= Oliver Zeffman =

English conductor

Oliver George Zeffman (born October 1992) is a British conductor who launched and has curated the annual Classic Pride festival held at the Barbican Centre in London since 2023. The festival was Europe's first event of its type, highlighting music written by gay, lesbian and bisexual composers, and performed by LGBT musicians.

== Biography ==
Zeffman was born in London, United Kingdom. His brother is journalist Henry Zeffman. Oliver Zeffman began learning the violin aged four. He studied History and Russian at Durham University, during which he attended St. Petersburg Conservatory for one year. Zeffman founded his orchestra the Melos Sinfonia whilst still at school, later giving performances abroad. In 2017 he and the Melos Sinfonia gave the Russian premiere of George Benjamin's Written on Skin and then gave the Russian premiere of the same composer's Lessons in Love and Violence in 2019.

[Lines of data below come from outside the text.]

(* Let $p$ be a prime, $\mu\ge1$, $m=p^\mu$, and $n>1$. Let $A=(a_{ij})$ be a random symmetric $n\times n$ matrix over $\mathbf{Z}_m$, conditioned on $a_{11}\not\equiv 0\pmod p$. Then there is an $n\times n$ matrix $U$ (depending on $A$) such that $$UAU^T\equiv\begin{pmatrix} a_{11} & 0\\ 0 & A'\end{pmatrix}\pmod{p^\mu},$$ where the $1\times(n-1)$ and $(n-1)\times1$ off-diagonal blocks are zero and $A'$ is a random symmetric $(n-1)\times(n-1)$ matrix over $\mathbf{Z}_m$ (i.e. under the stated conditional distribution of $A$, $A'$ reduced mod $m$ is uniformly distributed over symmetric $(n-1)\times(n-1)$ matrices over $\mathbf{Z}_m$).
   Context: For a positive integer $m$, $\mathbf{Z}_m=\{1,2,\ldots,m\}$ (viewed as residues mod $m$). A random symmetric $n\times n$ matrix over $\mathbf{Z}_m$ is one whose entries $a_{ij}$, $i\le j$, are chosen independently and uniformly from $\mathbf{Z}_m$, with $a_{ji}=a_{ij}$. *)

theory Defs
  imports "HOL-Probability.Probability_Mass_Function" "HOL-Number_Theory.Cong"
begin

text \<open>Square matrices of size n are represented as functions nat => nat => int,
  indexed by 0..n-1 (index 0 plays the role of the paper's index 1),
  and required to be 0 outside the index range so that sets of matrices are finite.\<close>

definition mat_prod :: "nat \<Rightarrow> (nat \<Rightarrow> nat \<Rightarrow> int) \<Rightarrow> (nat \<Rightarrow> nat \<Rightarrow> int) \<Rightarrow> (nat \<Rightarrow> nat \<Rightarrow> int)" where
  "mat_prod n X Y = (\<lambda>i j. if i < n \<and> j < n then (\<Sum>k<n. X i k * Y k j) else 0)"

definition mat_transpose :: "(nat \<Rightarrow> nat \<Rightarrow> int) \<Rightarrow> (nat \<Rightarrow> nat \<Rightarrow> int)" where
  "mat_transpose X = (\<lambda>i j. X j i)"

text \<open>Z_m = {1,...,m}: the canonical representative of an integer in Z_m.\<close>
definition red :: "int \<Rightarrow> int \<Rightarrow> int" where
  "red m x = (x - 1) mod m + 1"

definition sym_mats :: "nat \<Rightarrow> int \<Rightarrow> (nat \<Rightarrow> nat \<Rightarrow> int) set" where
  "sym_mats n m = {A. (\<forall>i j. i < n \<and> j < n \<longrightarrow> A i j \<in> {1..m} \<and> A i j = A j i)
                    \<and> (\<forall>i j. \<not> (i < n \<and> j < n) \<longrightarrow> A i j = 0)}"

definition random_sym :: "nat \<Rightarrow> int \<Rightarrow> (nat \<Rightarrow> nat \<Rightarrow> int) pmf" where
  "random_sym n m = pmf_of_set (sym_mats n m)"

definition random_sym_cond :: "nat \<Rightarrow> int \<Rightarrow> int \<Rightarrow> (nat \<Rightarrow> nat \<Rightarrow> int) pmf" where
  "random_sym_cond n m p = pmf_of_set {A \<in> sym_mats n m. \<not> p dvd A 0 0}"

definition lower_block_red :: "nat \<Rightarrow> int \<Rightarrow> (nat \<Rightarrow> nat \<Rightarrow> int) \<Rightarrow> (nat \<Rightarrow> nat \<Rightarrow> int)" where
  "lower_block_red n m B = (\<lambda>i j. if i < n - 1 \<and> j < n - 1 then red m (B (Suc i) (Suc j)) else 0)"

end

theory Submission
  imports Defs "HOL-Number_Theory.Modular_Inverse" "HOL-Computational_Algebra.Primes"
begin

text \<open>Clearing the first row and column of A with the integral matrix U whose rows are
  \<open>e\<^sub>0\<close> and \<open>a\<^sub>0\<^sub>0 e\<^sub>i - a\<^sub>0\<^sub>i e\<^sub>0\<close> turns A into a block diagonal matrix whose lower block
  \<open>B\<^sub>i\<^sub>j = a\<^sub>0\<^sub>0\<^sup>2 a\<^sub>i\<^sub>j - a\<^sub>0\<^sub>0 a\<^sub>0\<^sub>i a\<^sub>0\<^sub>j\<close> is \<open>a\<^sub>0\<^sub>0\<^sup>2\<close> times the Schur complement of \<open>a\<^sub>0\<^sub>0\<close>.
  Since \<open>a\<^sub>0\<^sub>0\<close> is a unit mod \<open>p\<^sup>\<mu>\<close>, the entries \<open>a\<^sub>i\<^sub>j\<close> can be recovered from the first row and
  \<open>B\<^sub>i\<^sub>j mod m\<close>; hence A \<open>\<mapsto>\<close> (first row, B mod m) is a bijection from the conditioned
  matrices onto (admissible first rows) \<open>\<times>\<close> (symmetric matrices of size n - 1). It carries
  the uniform distribution to a product of uniform distributions, so B mod m is uniform.\<close>

lemma red_in_Zm:
  assumes "0 < m"
  shows "red m x \<in> {1..m}"
  using pos_mod_bound[OF assms, of "x - 1"] pos_mod_sign[OF assms, of "x - 1"]
  unfolding red_def atLeastAtMost_iff by linarith

lemma cong_red: "[red m x = x] (mod m)"
  unfolding red_def cong_def by (simp add: mod_add_left_eq)

lemma red_eqI:
  assumes "y \<in> {1..m}" "[x = y] (mod m)"
  shows "red m x = y"
proof -
  have "(x - 1) mod m = (y - 1) mod m"
    using assms(2) unfolding cong_def by (metis mod_diff_cong)
  also have "\<dots> = y - 1"
    using assms(1) by simp
  finally show ?thesis by (simp add: red_def)
qed

lemma red_affine_inverse_left:
  assumes "[u * w = 1] (mod m)" "x \<in> {1..m}"
  shows "red m (w * (red m (u * x - t) + t)) = x"
proof (rule red_eqI[OF assms(2)])
  have "[w * (red m (u * x - t) + t) = w * ((u * x - t) + t)] (mod m)"
    by (intro cong_mult cong_add cong_refl cong_red)
  also have "w * ((u * x - t) + t) = (u * w) * x"
    by (simp add: algebra_simps)
  also have "[\<dots> = 1 * x] (mod m)"
    by (intro cong_mult assms(1) cong_refl)
  finally show "[w * (red m (u * x - t) + t) = x] (mod m)"
    by simp
qed

lemma red_affine_inverse_right:
  assumes "[u * w = 1] (mod m)" "y \<in> {1..m}"
  shows "red m (u * red m (w * (y + t)) - t) = y"
proof (rule red_eqI[OF assms(2)])
  have "[u * red m (w * (y + t)) - t = u * (w * (y + t)) - t] (mod m)"
    by (intro cong_diff cong_mult cong_refl cong_red)
  also have "u * (w * (y + t)) - t = (u * w) * (y + t) - t"
    by (simp add: algebra_simps)
  also have "[\<dots> = 1 * (y + t) - t] (mod m)"
    by (intro cong_diff cong_mult assms(1) cong_refl)
  finally show "[u * red m (w * (y + t)) - t = y] (mod m)"
    by simp
qed

lemma finite_sym_mats: "finite (sym_mats n m)"
proof -
  define W where
    "W = {f :: nat \<Rightarrow> int. \<forall>j. (j \<in> {..<n} \<longrightarrow> f j \<in> {1..m}) \<and> (j \<notin> {..<n} \<longrightarrow> f j = 0)}"
  have "finite W"
    unfolding W_def by (intro finite_set_of_finite_funs) auto
  then have "finite {A. \<forall>i. (i \<in> {..<n} \<longrightarrow> A i \<in> W) \<and> (i \<notin> {..<n} \<longrightarrow> A i = (\<lambda>_. 0))}"
    by (intro finite_set_of_finite_funs) auto
  moreover have "sym_mats n m \<subseteq> {A. \<forall>i. (i \<in> {..<n} \<longrightarrow> A i \<in> W) \<and> (i \<notin> {..<n} \<longrightarrow> A i = (\<lambda>_. 0))}"
    by (auto simp: sym_mats_def W_def)
  ultimately show ?thesis
    by (rule finite_subset[rotated])
qed

lemma pmf_of_set_Times:
  assumes "finite R" "R \<noteq> {}" "finite T" "T \<noteq> {}"
  shows "pmf_of_set (R \<times> T) = pair_pmf (pmf_of_set R) (pmf_of_set T)"
proof (rule pmf_eqI)
  fix x :: "'a \<times> 'b"
  show "pmf (pmf_of_set (R \<times> T)) x = pmf (pair_pmf (pmf_of_set R) (pmf_of_set T)) x"
    using assms by (cases x) (simp add: pmf_pair card_cartesian_product split: split_indicator)
qed

lemma map_pmf_of_set_bij_betw_snd:
  assumes "bij_betw f A (B \<times> C)" "finite A" "A \<noteq> {}"
  shows "map_pmf (snd \<circ> f) (pmf_of_set A) = pmf_of_set C"
proof -
  have BC: "finite (B \<times> C)" "B \<times> C \<noteq> {}"
    using assms bij_betw_finite by (auto simp: bij_betw_def)
  then have "finite B" "B \<noteq> {}" "finite C" "C \<noteq> {}"
    by (auto dest: finite_cartesian_productD1 finite_cartesian_productD2)
  then have "map_pmf f (pmf_of_set A) = pair_pmf (pmf_of_set B) (pmf_of_set C)"
    using map_pmf_of_set_bij_betw[OF assms(1,3,2)] by (simp add: pmf_of_set_Times)
  then show ?thesis
    by (simp add: pmf.map_comp[symmetric] map_snd_pair_pmf)
qed

lemma coprime_prime_power_iff:
  fixes p a :: int
  assumes "prime p" "1 \<le> \<mu>"
  shows "coprime a (p ^ \<mu>) \<longleftrightarrow> \<not> p dvd a"
proof -
  have "coprime a (p ^ \<mu>) \<longleftrightarrow> coprime p a"
    using assms(2) by (simp add: coprime_commute)
  also have "\<dots> \<longleftrightarrow> \<not> p dvd a"
    using assms(1) by (auto intro: prime_imp_coprime simp: coprime_absorb_left)
  finally show ?thesis .
qed

text \<open>Unlike the paper, which divides by \<open>a\<^sub>0\<^sub>0\<close>, this elimination matrix is integral;
  the price is the factor \<open>a\<^sub>0\<^sub>0\<^sup>2\<close> in the lower block.\<close>

definition pivot_elim :: "(nat \<Rightarrow> nat \<Rightarrow> int) \<Rightarrow> nat \<Rightarrow> nat \<Rightarrow> int" where
  "pivot_elim A i k =
     (if i = 0 then of_bool (k = 0) else A 0 0 * of_bool (k = i) - A 0 i * of_bool (k = 0))"

abbreviation mat_congr :: "nat \<Rightarrow> (nat \<Rightarrow> nat \<Rightarrow> int) \<Rightarrow> (nat \<Rightarrow> nat \<Rightarrow> int) \<Rightarrow> nat \<Rightarrow> nat \<Rightarrow> int" where
  "mat_congr n U A \<equiv> mat_prod n (mat_prod n U A) (mat_transpose U)"

lemma sum_pivot_elim_left:
  assumes "i < n"
  shows "(\<Sum>k<n. pivot_elim A i k * f k) =
           (if i = 0 then f 0 else A 0 0 * f i - A 0 i * f 0)"
proof -
  have "{..<n} \<inter> {k. k = j} = {j}" if "j < n" for j using that by auto
  then show ?thesis
    using assms by (simp add: pivot_elim_def left_diff_distrib mult.assoc sum_subtractf
        flip: sum_distrib_left)
qed

lemma pivot_elim_mult:
  assumes "i < n" "k < n"
  shows "mat_prod n (pivot_elim A) A i k = (if i = 0 then A 0 k else A 0 0 * A i k - A 0 i * A 0 k)"
  using assms by (simp add: mat_prod_def sum_pivot_elim_left)

lemma mat_congr_pivot_elim:
  assumes "i < n" "j < n" and sym: "\<And>i j. i < n \<Longrightarrow> j < n \<Longrightarrow> A i j = A j i"
  shows "mat_congr n (pivot_elim A) A i j =
    (if i = 0 then (if j = 0 then A 0 0 else 0) else if j = 0 then 0
     else A 0 0 ^ 2 * A i j - A 0 0 * A 0 i * A 0 j)"
proof -
  have "mat_congr n (pivot_elim A) A i j
          = (\<Sum>k<n. pivot_elim A j k * mat_prod n (pivot_elim A) A i k)"
    using assms by (simp add: mat_prod_def mat_transpose_def mult.commute)
  also have "\<dots> = (if j = 0 then mat_prod n (pivot_elim A) A i 0
                     else A 0 0 * mat_prod n (pivot_elim A) A i j
                          - A 0 j * mat_prod n (pivot_elim A) A i 0)"
    using assms(2) by (rule sum_pivot_elim_left)
  finally show ?thesis
    using assms sym[of i 0] by (auto simp: pivot_elim_mult power2_eq_square algebra_simps)
qed

definition scaled_schur_complement :: "nat \<Rightarrow> int \<Rightarrow> (nat \<Rightarrow> nat \<Rightarrow> int) \<Rightarrow> nat \<Rightarrow> nat \<Rightarrow> int" where
  "scaled_schur_complement n m A = (\<lambda>i j. if i < n - 1 \<and> j < n - 1 then
     red m (A 0 0 ^ 2 * A (Suc i) (Suc j) - A 0 0 * A 0 (Suc i) * A 0 (Suc j)) else 0)"

lemma lower_block_red_pivot_elim:
  assumes "\<And>i j. i < n \<Longrightarrow> j < n \<Longrightarrow> A i j = A j i"
  shows "lower_block_red n m (mat_congr n (pivot_elim A) A) = scaled_schur_complement n m A"
proof (intro ext)
  fix i j
  show "lower_block_red n m (mat_congr n (pivot_elim A) A) i j = scaled_schur_complement n m A i j"
    using mat_congr_pivot_elim[of "Suc i" n "Suc j" A] assms
    by (auto simp: lower_block_red_def scaled_schur_complement_def less_diff_conv)
qed

definition unit_sym_mats :: "nat \<Rightarrow> int \<Rightarrow> (nat \<Rightarrow> nat \<Rightarrow> int) set" where
  "unit_sym_mats n m = {A \<in> sym_mats n m. coprime (A 0 0) m}"

definition unit_first_rows :: "nat \<Rightarrow> int \<Rightarrow> (nat \<Rightarrow> int) set" where
  "unit_first_rows n m =
     {r. (\<forall>j. (j < n \<longrightarrow> r j \<in> {1..m}) \<and> (n \<le> j \<longrightarrow> r j = 0)) \<and> coprime (r 0) m}"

In 2020, during the COVID-19 lockdowns, Zeffman created Eight Songs from Isolation, commissioning composers including Thomas Adès and Nico Muhly to contribute songs that were performed by singers including Iestyn Davies and Sarah Connolly. It was released through Apple Music and Marquee TV. In 2021 Zeffman released Live at the V&A with violinist Viktoria Mullova and the Academy of St Martin-in-the-Fields on Apple Music and Marquee TV, and filmed in the Raphael Court of the Victoria and Albert Museum in London. During 2022 Zeffman continued his partnership with Apple Music with Music x Museums, a series of concerts in the Science Museum, Cutty Sark and British Library that were filmed and recorded for release in 2023 on Apple Music's Platoon label.

In 2023 Zeffman conducted the first Classical Pride concert by a major orchestra outside of the US, with the City of Birmingham Symphony Orchestra and soloists Pavel Kolesnikov, Samson Tsoy, Nicky Spence, Davóne Tines and Ella Taylor at the Barbican Centre.

In 2024 Zeffman curated a second Classical Pride festival, featuring a classical drag show judged by Monet X Change and Thorgy Thor, alongside opera singer Nicky Spence. At the Barbican Centre, Zeffman also conducted the London Symphony Orchestra playing work by composers including Aaron Copland, Cassandra Miller, Saint-Saëns, Tchaikovsky, Karol Szymanowski, and Jake Heggie.

In 2025 Zeffman curated a third Classical Pride festival, including for the first time an international performance at The Hollywood Bowl in Los Angeles where he conducted the Los Angeles Philharmonic Orchestra. The Barbican Centre hosted Voices of Joy and Sorrow, where Zeffman conducted the London Symphony Orchestra playing music by Jake Heggie, George Benjamin, Tchaikovsky and others. The concert featured soloists Jamie Barton and Cameron Shahbazi.